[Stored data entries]
=== Begin Enclosure ===

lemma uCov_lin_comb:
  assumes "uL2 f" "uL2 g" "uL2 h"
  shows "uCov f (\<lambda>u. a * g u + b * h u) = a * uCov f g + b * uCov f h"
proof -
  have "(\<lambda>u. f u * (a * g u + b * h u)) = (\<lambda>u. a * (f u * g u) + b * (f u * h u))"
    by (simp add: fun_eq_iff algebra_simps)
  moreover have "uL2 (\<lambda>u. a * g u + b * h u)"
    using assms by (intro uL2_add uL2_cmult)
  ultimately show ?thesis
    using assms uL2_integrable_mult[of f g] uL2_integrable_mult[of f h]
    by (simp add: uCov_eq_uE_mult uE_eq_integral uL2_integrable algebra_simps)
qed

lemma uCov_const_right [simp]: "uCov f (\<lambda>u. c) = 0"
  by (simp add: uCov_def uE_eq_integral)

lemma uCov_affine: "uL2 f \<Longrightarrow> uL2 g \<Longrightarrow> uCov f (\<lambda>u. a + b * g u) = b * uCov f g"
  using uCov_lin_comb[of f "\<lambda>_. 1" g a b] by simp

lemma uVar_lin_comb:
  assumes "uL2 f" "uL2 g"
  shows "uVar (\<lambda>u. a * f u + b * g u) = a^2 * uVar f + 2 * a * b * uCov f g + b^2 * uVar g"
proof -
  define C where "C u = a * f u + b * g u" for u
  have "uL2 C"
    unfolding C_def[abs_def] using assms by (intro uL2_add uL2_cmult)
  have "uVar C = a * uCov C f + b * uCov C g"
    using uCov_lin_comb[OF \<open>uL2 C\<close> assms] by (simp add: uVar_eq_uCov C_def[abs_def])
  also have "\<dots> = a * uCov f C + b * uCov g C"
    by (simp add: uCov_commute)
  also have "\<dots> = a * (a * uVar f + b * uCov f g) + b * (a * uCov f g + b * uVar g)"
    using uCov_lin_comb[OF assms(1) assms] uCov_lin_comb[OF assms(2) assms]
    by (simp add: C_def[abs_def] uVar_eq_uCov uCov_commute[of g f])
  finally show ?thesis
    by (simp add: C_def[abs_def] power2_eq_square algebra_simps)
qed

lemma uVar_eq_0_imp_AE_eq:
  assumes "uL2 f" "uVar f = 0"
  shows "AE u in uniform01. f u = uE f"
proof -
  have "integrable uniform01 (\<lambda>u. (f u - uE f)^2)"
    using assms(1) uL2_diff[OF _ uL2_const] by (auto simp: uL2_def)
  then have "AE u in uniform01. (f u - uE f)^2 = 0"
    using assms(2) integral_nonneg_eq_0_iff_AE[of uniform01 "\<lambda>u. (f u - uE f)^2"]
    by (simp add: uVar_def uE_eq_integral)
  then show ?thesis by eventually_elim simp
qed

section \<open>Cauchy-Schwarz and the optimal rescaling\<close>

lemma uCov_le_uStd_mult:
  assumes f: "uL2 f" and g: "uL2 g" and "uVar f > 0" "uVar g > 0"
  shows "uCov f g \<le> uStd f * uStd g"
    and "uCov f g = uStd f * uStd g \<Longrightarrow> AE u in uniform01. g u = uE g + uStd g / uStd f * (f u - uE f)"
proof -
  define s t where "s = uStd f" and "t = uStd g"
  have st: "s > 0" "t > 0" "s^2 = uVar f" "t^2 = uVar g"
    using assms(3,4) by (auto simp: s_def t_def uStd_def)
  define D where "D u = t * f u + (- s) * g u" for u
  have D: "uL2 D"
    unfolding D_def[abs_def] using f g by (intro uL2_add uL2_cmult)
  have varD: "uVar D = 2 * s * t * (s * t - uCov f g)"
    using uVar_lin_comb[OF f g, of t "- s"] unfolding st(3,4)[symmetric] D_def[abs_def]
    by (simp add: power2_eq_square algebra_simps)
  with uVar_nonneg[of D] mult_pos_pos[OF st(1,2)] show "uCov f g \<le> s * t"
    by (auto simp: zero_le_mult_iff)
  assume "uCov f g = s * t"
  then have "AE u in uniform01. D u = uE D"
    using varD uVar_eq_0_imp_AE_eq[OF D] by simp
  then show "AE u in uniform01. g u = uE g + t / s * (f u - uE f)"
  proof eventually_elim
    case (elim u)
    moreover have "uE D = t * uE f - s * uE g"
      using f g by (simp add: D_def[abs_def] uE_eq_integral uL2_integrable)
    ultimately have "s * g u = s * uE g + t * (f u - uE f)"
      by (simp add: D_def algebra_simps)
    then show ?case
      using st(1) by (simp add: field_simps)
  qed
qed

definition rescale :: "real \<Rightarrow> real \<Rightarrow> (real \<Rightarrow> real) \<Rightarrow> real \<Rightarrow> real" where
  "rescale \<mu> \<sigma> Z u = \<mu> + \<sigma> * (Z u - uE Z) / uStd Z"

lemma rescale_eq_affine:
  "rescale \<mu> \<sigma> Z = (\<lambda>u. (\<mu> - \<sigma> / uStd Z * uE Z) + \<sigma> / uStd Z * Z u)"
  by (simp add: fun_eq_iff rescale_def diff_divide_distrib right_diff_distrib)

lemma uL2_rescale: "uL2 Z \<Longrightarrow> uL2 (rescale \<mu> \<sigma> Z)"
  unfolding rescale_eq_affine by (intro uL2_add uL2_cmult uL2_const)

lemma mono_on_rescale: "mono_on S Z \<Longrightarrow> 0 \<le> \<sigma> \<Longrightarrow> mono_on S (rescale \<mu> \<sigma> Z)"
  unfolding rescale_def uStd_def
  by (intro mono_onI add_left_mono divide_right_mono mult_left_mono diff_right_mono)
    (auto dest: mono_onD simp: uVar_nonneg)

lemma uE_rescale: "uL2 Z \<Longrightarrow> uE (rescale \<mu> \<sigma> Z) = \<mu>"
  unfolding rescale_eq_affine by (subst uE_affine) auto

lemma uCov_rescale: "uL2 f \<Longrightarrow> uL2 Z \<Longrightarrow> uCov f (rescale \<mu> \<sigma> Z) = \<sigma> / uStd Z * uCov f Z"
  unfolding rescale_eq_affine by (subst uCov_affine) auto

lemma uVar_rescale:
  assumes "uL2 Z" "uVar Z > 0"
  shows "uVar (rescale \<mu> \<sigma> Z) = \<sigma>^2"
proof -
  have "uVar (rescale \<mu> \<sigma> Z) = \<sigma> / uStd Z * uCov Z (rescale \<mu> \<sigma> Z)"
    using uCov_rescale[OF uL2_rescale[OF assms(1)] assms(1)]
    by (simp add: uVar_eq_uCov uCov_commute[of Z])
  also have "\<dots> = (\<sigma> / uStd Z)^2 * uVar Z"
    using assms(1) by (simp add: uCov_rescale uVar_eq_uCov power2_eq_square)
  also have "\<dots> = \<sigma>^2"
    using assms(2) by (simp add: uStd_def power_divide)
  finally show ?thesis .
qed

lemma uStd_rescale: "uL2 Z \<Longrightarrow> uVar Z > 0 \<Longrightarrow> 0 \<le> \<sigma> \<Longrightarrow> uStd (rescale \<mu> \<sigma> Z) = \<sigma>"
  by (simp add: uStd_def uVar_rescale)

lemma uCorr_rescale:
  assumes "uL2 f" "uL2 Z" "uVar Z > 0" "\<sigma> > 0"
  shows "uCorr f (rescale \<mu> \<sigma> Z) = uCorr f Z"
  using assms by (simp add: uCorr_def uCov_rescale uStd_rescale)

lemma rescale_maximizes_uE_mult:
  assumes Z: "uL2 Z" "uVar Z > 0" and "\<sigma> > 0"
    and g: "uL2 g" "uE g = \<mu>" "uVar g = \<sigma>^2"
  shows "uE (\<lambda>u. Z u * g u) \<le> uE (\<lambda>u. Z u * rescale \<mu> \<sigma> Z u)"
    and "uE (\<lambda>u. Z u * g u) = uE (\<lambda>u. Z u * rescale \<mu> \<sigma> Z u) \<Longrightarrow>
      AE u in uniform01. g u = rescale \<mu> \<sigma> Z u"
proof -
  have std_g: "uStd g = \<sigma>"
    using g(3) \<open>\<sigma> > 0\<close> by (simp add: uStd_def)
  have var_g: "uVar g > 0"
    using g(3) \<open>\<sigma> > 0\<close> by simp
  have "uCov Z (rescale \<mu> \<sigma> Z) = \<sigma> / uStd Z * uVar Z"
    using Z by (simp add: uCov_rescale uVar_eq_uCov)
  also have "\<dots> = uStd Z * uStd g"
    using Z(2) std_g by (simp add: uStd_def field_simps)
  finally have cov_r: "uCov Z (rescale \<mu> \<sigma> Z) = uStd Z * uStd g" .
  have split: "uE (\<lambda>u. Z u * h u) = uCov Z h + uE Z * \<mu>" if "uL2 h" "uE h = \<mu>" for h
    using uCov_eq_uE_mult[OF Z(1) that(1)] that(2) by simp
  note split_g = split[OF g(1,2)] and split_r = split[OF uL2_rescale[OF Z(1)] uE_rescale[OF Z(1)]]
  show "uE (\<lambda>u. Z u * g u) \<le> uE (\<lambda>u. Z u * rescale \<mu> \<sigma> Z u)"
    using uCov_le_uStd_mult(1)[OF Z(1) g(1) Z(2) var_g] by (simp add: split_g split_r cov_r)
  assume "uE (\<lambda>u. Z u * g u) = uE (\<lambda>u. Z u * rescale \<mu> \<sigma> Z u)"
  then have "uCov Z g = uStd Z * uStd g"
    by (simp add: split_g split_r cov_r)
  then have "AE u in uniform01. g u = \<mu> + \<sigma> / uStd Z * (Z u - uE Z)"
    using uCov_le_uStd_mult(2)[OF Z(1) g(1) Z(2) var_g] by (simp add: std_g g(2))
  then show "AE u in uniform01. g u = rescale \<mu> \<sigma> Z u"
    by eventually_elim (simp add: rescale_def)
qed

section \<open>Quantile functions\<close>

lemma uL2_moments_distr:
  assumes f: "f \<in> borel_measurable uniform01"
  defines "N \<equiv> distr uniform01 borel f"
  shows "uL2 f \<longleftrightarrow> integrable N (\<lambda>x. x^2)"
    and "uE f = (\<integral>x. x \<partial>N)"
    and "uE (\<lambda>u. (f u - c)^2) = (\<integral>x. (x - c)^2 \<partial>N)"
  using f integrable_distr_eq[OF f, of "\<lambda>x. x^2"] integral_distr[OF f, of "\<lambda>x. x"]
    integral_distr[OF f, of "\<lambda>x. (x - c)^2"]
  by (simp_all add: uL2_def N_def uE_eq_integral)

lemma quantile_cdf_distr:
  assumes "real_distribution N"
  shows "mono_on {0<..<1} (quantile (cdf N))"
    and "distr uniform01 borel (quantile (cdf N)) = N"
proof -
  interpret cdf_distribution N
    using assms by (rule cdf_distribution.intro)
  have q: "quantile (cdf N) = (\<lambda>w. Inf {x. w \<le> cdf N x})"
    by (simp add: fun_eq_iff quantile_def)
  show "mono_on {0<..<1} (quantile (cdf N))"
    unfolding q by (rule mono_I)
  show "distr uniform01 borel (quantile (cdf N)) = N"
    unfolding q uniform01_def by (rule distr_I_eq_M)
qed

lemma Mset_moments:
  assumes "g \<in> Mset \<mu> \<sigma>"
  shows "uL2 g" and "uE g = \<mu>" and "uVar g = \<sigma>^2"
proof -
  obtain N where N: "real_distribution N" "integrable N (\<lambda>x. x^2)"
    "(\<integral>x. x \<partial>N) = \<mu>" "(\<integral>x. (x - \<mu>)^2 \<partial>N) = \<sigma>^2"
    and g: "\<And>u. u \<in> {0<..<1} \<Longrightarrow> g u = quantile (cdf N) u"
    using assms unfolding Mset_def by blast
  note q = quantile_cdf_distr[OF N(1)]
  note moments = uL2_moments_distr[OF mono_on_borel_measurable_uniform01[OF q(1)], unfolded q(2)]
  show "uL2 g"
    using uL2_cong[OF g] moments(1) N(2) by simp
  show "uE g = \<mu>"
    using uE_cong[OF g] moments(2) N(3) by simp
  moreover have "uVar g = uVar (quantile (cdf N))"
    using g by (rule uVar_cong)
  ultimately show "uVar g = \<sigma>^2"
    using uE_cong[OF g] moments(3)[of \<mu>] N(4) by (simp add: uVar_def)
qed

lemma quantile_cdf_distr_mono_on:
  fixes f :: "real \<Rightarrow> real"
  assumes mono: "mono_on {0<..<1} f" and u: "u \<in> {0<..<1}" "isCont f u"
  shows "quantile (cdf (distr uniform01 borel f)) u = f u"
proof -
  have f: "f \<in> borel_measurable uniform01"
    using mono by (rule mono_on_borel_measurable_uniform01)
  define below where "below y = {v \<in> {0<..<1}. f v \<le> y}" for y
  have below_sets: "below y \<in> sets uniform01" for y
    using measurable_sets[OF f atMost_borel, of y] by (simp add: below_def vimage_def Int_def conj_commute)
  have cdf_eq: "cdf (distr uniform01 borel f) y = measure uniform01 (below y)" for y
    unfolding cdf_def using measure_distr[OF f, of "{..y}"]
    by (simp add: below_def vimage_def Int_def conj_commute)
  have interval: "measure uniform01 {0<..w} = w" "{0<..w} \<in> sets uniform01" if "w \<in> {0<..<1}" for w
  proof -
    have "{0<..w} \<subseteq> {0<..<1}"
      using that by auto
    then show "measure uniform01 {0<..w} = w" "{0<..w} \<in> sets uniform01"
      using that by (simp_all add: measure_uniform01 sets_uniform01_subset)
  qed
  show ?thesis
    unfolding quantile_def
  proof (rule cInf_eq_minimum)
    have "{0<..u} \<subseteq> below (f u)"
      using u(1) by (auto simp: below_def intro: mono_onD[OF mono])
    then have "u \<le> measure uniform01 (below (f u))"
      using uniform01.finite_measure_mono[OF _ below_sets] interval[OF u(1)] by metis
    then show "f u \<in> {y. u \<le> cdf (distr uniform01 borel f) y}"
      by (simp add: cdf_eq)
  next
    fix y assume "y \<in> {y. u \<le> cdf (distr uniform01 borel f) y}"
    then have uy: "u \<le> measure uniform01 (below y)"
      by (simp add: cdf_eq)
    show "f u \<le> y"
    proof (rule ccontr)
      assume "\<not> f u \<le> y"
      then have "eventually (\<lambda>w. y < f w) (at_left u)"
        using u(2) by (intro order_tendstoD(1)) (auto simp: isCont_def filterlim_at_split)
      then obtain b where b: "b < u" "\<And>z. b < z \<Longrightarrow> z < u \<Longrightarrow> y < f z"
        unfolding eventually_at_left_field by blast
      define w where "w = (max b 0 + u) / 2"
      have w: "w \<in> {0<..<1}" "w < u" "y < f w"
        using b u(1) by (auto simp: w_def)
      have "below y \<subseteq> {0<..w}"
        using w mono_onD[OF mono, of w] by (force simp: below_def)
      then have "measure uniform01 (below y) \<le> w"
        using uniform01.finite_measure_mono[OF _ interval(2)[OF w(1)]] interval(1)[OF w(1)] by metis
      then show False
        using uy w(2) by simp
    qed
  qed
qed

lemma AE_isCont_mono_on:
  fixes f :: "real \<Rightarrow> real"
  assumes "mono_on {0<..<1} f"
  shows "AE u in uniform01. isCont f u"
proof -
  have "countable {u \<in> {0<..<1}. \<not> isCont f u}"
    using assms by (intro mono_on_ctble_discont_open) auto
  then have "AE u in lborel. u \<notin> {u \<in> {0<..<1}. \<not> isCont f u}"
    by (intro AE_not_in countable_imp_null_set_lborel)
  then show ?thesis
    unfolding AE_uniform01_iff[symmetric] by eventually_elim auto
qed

=== End Enclosure ===

** What to do **
Every line from the one with "then show False" through the last line of the records above should be returned exactly, please, and no others.

** Exercise response **
      then show False
        using uy w(2) by simp
    qed
  qed
qed

lemma AE_isCont_mono_on:
  fixes f :: "real \<Rightarrow> real"
  assumes "mono_on {0<..<1} f"
  shows "AE u in uniform01. isCont f u"
proof -
  have "countable {u \<in> {0<..<1}. \<not> isCont f u}"
    using assms by (intro mono_on_ctble_discont_open) auto
  then have "AE u in lborel. u \<notin> {u \<in> {0<..<1}. \<not> isCont f u}"
    by (intro AE_not_in countable_imp_null_set_lborel)
  then show ?thesis
    unfolding AE_uniform01_iff[symmetric] by eventually_elim auto
qed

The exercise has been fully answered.